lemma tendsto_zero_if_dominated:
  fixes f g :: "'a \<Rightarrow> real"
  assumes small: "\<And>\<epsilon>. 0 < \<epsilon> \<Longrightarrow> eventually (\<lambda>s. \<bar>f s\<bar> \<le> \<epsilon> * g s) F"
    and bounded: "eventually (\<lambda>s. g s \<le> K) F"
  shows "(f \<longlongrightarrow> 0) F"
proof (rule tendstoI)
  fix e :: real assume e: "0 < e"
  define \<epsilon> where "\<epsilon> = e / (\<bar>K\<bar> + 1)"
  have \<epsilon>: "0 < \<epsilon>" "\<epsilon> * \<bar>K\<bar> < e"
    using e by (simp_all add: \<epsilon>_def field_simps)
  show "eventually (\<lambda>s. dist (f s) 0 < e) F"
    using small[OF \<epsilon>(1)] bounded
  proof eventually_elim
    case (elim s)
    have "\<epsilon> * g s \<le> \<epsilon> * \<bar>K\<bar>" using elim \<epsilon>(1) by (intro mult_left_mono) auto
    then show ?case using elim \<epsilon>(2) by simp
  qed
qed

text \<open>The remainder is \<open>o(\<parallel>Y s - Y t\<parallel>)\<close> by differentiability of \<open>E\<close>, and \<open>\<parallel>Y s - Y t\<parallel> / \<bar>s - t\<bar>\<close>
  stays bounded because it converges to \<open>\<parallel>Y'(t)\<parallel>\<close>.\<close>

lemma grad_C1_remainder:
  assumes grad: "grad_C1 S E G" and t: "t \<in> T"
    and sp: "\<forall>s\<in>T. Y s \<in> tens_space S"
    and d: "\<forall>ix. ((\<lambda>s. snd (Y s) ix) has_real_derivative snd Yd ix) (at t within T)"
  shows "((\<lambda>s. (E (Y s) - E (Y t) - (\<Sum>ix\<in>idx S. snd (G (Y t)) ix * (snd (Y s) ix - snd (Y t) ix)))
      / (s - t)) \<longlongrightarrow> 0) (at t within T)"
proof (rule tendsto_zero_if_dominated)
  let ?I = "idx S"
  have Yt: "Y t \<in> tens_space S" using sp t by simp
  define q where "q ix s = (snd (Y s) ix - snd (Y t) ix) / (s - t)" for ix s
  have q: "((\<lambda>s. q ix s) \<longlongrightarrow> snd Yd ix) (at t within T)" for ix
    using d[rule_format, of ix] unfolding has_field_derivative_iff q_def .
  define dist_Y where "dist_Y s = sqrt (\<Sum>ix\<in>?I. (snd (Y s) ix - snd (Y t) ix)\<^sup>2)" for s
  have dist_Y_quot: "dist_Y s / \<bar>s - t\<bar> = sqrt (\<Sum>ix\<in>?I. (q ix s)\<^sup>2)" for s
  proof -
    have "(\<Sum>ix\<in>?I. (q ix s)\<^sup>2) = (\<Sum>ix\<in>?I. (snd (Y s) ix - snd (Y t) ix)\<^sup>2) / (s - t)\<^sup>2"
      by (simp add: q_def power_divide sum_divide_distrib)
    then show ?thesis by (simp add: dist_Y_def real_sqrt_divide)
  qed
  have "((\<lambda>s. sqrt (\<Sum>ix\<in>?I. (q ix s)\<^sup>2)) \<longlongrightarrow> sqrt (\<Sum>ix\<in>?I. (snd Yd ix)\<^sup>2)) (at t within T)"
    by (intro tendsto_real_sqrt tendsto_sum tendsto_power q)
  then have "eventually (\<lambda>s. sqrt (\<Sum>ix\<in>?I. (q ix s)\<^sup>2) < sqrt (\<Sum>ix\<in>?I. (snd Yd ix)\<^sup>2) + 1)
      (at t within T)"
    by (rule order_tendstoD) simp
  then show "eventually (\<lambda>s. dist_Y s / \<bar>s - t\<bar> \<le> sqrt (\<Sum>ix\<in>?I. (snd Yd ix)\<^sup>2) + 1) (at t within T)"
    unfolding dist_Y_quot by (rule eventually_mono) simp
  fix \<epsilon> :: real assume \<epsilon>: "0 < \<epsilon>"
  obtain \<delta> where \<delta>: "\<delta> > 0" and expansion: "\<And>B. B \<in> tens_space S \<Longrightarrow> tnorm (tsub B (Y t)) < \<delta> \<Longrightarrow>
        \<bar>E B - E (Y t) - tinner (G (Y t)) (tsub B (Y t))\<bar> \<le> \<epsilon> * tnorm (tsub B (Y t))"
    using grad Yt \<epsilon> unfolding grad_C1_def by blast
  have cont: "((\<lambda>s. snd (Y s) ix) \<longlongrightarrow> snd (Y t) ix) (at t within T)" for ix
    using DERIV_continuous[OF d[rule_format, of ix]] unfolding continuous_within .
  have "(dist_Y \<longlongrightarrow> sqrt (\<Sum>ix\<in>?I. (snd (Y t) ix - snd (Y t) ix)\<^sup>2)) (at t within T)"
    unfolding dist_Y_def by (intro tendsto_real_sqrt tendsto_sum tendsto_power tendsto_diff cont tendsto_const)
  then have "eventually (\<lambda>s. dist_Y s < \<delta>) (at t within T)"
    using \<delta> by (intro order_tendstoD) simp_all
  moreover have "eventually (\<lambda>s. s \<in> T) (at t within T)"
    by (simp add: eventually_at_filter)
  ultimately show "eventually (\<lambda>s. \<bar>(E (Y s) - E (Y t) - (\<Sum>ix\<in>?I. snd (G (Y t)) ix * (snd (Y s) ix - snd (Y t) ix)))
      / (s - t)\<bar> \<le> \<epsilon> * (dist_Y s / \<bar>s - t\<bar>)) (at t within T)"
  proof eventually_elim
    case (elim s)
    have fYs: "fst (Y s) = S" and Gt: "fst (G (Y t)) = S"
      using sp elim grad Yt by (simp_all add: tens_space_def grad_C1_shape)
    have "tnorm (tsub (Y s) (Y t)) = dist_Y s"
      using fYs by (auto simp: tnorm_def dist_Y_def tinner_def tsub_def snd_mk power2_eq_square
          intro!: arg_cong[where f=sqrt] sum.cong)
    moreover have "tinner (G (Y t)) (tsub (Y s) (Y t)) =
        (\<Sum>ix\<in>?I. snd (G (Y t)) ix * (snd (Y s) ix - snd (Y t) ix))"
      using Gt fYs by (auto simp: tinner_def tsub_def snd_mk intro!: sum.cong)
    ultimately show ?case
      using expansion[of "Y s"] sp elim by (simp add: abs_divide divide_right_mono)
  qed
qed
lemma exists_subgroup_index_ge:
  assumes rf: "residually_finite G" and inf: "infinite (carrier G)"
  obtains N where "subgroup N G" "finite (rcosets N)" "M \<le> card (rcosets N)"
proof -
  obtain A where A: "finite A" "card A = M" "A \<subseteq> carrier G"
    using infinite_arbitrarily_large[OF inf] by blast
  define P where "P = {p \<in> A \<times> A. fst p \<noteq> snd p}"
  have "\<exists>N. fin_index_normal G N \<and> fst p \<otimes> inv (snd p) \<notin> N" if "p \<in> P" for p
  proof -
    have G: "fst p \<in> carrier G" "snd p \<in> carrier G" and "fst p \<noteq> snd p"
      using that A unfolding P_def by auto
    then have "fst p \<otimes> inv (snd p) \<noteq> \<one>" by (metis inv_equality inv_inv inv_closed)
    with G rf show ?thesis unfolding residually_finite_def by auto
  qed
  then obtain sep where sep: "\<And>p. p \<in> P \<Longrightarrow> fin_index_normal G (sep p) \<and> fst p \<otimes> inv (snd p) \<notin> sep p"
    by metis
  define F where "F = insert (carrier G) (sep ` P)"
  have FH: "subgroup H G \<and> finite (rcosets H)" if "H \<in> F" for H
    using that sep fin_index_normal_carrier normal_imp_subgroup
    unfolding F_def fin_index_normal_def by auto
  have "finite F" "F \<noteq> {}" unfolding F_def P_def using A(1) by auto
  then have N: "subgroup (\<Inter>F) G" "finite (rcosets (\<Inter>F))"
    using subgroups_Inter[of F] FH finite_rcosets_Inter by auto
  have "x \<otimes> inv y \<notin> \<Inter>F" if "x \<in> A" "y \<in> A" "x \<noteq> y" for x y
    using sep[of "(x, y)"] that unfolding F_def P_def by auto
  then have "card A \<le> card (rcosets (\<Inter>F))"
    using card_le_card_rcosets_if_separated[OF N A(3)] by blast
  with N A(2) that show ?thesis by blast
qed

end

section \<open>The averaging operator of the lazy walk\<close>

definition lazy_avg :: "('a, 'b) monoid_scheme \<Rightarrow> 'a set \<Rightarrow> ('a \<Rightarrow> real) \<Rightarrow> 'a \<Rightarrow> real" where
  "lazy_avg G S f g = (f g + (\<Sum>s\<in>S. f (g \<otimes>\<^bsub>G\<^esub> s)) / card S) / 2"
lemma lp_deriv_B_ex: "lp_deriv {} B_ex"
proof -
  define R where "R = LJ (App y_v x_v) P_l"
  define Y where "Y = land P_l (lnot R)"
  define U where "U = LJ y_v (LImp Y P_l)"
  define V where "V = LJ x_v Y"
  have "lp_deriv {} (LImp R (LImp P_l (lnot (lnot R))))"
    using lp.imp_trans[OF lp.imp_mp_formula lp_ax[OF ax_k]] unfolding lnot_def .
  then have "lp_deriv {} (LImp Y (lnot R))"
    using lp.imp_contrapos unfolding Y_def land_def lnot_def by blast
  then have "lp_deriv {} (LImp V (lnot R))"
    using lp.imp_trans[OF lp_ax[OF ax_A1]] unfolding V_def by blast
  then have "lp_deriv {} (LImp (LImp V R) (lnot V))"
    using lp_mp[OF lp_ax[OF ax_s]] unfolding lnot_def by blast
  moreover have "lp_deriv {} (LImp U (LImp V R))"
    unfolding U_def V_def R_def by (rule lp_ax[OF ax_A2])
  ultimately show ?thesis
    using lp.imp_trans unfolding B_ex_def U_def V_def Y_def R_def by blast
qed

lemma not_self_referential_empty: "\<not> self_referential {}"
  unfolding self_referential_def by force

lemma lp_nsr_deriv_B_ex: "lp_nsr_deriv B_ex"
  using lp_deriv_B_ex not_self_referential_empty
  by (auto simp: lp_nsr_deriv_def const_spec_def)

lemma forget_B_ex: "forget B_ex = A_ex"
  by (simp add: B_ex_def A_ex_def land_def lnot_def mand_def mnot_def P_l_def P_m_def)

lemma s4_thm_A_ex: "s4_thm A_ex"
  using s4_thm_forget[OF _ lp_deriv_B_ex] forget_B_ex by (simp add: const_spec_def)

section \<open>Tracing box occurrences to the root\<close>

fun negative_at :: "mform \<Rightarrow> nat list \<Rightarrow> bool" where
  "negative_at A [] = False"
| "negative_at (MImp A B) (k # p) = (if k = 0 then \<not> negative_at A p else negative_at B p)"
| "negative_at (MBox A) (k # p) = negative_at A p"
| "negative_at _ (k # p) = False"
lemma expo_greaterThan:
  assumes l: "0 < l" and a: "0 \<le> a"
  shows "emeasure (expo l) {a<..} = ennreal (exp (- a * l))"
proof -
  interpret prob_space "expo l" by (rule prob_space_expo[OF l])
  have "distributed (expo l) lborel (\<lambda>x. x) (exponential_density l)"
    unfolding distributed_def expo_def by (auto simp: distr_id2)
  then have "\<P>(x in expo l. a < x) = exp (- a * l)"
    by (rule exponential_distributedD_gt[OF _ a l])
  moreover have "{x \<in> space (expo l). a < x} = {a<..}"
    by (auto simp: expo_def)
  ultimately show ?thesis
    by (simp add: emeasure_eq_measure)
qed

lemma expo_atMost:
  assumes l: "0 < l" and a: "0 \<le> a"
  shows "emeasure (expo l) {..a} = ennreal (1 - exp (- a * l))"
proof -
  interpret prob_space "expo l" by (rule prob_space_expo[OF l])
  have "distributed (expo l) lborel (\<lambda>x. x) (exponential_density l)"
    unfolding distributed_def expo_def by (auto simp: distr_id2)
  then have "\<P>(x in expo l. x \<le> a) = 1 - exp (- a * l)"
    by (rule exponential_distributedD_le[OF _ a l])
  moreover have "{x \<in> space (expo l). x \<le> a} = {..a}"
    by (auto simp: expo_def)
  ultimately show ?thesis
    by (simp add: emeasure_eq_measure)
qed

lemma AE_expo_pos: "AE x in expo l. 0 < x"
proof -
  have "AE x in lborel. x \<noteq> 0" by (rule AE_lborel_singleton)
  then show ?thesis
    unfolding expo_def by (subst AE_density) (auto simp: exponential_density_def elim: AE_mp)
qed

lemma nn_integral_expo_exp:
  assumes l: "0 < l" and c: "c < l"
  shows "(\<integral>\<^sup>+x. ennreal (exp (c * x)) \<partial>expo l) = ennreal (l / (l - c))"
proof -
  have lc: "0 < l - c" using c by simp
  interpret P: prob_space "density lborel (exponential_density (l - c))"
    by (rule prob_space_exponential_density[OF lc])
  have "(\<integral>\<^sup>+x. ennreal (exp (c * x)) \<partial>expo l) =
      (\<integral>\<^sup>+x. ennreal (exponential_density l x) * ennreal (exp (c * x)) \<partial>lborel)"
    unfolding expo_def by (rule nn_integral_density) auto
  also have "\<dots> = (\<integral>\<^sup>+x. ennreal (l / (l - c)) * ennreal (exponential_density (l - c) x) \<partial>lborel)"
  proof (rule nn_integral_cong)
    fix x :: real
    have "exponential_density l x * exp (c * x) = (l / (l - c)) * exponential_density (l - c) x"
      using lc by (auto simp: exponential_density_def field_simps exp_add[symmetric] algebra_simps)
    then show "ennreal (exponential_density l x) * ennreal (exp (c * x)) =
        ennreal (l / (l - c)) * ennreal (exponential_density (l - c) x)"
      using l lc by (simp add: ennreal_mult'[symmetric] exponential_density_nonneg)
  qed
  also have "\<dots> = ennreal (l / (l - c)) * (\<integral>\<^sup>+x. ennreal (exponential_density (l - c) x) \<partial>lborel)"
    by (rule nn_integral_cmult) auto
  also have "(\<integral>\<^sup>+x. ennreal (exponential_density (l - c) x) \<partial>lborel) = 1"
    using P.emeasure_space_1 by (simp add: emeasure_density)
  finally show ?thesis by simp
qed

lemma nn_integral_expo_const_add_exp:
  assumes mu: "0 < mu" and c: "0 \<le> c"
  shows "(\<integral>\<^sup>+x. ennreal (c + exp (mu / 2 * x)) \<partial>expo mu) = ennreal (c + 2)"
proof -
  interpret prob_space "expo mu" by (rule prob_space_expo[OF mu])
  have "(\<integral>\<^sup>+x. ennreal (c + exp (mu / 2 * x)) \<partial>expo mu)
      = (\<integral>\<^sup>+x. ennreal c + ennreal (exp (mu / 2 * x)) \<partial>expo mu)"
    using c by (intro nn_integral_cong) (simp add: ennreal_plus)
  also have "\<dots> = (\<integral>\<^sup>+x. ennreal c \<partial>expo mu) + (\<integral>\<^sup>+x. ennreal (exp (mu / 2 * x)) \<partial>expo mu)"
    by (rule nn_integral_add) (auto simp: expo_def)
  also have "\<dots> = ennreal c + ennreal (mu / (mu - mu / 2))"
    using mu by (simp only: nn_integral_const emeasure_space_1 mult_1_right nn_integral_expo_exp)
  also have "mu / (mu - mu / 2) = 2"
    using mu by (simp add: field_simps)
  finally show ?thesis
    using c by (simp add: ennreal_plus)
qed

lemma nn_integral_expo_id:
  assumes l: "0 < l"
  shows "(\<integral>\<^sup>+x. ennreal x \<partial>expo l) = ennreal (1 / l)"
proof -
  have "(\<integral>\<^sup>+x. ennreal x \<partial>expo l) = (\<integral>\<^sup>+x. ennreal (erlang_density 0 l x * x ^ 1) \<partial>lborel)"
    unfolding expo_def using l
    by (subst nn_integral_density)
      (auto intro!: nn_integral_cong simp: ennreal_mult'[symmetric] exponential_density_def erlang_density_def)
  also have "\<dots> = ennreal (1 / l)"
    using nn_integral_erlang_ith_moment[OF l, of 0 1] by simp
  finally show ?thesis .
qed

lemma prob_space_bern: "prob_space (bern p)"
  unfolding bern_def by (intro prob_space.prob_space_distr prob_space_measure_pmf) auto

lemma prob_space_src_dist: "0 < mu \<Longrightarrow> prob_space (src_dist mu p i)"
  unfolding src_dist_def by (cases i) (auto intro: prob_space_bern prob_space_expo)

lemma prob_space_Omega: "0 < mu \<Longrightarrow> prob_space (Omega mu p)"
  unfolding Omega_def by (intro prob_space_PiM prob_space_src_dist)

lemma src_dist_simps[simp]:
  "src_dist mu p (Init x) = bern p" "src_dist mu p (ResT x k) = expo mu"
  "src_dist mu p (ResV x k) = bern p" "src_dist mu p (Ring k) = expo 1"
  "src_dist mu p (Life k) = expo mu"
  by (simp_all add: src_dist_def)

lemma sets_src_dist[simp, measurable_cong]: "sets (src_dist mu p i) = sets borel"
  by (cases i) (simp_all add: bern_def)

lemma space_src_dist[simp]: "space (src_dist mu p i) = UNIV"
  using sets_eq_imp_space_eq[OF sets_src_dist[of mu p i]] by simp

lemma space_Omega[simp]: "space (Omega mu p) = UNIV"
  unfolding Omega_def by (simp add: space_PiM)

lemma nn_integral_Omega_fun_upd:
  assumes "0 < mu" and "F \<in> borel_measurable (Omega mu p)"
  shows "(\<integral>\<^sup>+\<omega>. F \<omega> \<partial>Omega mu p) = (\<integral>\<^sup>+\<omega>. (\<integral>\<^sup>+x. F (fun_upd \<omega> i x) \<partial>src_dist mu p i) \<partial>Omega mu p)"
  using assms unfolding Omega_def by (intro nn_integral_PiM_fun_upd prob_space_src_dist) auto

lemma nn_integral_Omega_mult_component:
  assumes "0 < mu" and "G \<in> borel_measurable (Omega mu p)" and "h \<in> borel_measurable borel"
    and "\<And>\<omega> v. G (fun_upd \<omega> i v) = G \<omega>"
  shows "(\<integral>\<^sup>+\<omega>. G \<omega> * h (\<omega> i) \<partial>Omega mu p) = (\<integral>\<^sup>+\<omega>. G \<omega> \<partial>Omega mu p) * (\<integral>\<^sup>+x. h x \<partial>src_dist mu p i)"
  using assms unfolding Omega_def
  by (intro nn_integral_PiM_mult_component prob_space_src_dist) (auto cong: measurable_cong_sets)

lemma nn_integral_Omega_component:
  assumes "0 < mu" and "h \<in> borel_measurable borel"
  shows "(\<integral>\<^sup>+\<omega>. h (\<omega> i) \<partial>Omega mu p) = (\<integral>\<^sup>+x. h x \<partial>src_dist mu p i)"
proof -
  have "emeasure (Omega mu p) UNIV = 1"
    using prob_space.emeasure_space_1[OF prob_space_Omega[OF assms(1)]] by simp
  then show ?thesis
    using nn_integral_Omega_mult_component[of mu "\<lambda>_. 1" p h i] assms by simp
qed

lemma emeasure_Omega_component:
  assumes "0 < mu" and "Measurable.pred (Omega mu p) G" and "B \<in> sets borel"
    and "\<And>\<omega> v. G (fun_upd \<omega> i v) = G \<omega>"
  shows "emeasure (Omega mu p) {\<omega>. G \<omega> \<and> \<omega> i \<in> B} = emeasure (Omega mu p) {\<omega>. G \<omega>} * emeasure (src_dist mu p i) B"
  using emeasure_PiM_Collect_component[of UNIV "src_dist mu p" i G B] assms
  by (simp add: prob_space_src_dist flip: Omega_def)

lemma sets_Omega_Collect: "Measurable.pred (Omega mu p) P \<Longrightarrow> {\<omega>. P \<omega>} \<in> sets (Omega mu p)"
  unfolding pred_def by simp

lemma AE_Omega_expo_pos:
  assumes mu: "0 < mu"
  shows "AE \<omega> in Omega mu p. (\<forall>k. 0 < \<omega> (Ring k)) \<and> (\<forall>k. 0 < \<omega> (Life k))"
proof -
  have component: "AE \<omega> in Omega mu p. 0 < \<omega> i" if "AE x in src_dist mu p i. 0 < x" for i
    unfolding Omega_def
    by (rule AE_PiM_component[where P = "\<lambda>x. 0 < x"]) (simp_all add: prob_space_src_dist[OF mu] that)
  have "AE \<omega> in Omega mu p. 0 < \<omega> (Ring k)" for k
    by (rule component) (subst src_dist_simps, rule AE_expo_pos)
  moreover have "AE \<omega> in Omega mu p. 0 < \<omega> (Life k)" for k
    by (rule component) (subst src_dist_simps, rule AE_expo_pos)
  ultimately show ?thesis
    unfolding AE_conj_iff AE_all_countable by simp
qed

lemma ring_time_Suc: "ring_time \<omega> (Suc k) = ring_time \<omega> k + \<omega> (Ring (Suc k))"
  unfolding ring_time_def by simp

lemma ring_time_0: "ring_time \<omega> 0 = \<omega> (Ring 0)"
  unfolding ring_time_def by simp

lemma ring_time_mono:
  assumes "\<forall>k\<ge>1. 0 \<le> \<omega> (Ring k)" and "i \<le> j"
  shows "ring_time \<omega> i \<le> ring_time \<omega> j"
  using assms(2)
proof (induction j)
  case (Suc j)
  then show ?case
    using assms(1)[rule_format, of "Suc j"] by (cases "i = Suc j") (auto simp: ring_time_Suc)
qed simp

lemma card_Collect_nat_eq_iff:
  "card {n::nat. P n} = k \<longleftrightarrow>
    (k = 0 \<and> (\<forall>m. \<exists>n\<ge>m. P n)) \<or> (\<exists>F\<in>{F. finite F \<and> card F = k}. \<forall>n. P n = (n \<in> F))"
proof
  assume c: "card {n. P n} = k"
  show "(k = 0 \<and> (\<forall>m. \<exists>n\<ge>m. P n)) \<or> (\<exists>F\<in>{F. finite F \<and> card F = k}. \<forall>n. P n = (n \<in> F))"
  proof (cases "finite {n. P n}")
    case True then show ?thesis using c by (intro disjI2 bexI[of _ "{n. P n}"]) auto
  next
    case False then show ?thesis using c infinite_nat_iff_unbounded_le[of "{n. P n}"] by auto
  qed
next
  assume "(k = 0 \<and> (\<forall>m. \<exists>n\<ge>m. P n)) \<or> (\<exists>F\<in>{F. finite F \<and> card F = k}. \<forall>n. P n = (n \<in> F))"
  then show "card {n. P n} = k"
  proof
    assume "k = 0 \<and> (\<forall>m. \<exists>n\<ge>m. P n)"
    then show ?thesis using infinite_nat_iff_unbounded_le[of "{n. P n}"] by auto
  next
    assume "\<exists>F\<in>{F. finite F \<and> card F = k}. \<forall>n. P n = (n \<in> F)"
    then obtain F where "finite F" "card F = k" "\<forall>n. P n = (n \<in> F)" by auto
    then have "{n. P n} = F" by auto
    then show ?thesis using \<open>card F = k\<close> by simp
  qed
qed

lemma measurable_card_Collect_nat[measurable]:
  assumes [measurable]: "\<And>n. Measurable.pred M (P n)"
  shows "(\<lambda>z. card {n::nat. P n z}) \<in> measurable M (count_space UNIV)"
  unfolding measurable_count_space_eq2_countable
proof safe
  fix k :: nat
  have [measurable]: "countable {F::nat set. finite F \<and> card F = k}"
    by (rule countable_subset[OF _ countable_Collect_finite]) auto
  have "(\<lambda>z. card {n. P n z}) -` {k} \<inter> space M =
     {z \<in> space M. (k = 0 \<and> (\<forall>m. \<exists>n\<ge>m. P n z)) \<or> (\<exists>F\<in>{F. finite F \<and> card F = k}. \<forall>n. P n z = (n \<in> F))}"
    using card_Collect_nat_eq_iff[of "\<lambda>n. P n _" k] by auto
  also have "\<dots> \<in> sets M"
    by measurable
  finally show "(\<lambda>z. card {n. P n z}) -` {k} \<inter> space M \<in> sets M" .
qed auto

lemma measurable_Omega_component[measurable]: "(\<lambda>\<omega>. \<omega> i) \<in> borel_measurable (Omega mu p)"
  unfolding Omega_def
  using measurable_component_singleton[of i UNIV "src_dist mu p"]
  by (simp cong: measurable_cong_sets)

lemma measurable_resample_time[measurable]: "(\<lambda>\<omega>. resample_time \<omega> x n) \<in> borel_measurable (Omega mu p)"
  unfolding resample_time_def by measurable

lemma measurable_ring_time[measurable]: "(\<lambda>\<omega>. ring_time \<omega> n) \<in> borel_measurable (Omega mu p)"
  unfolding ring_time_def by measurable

**Your instructions:** From the records above, print exactly the lines that run from the line with "using that sep" to the line with "A \<le> card", inclusive.

**The answer:**
    using that sep fin_index_normal_carrier normal_imp_subgroup
    unfolding F_def fin_index_normal_def by auto
  have "finite F" "F \<noteq> {}" unfolding F_def P_def using A(1) by auto
  then have N: "subgroup (\<Inter>F) G" "finite (rcosets (\<Inter>F))"
    using subgroups_Inter[of F] FH finite_rcosets_Inter by auto
  have "x \<otimes> inv y \<notin> \<Inter>F" if "x \<in> A" "y \<in> A" "x \<noteq> y" for x y
    using sep[of "(x, y)"] that unfolding F_def P_def by auto
  then have "card A \<le> card (rcosets (\<Inter>F))"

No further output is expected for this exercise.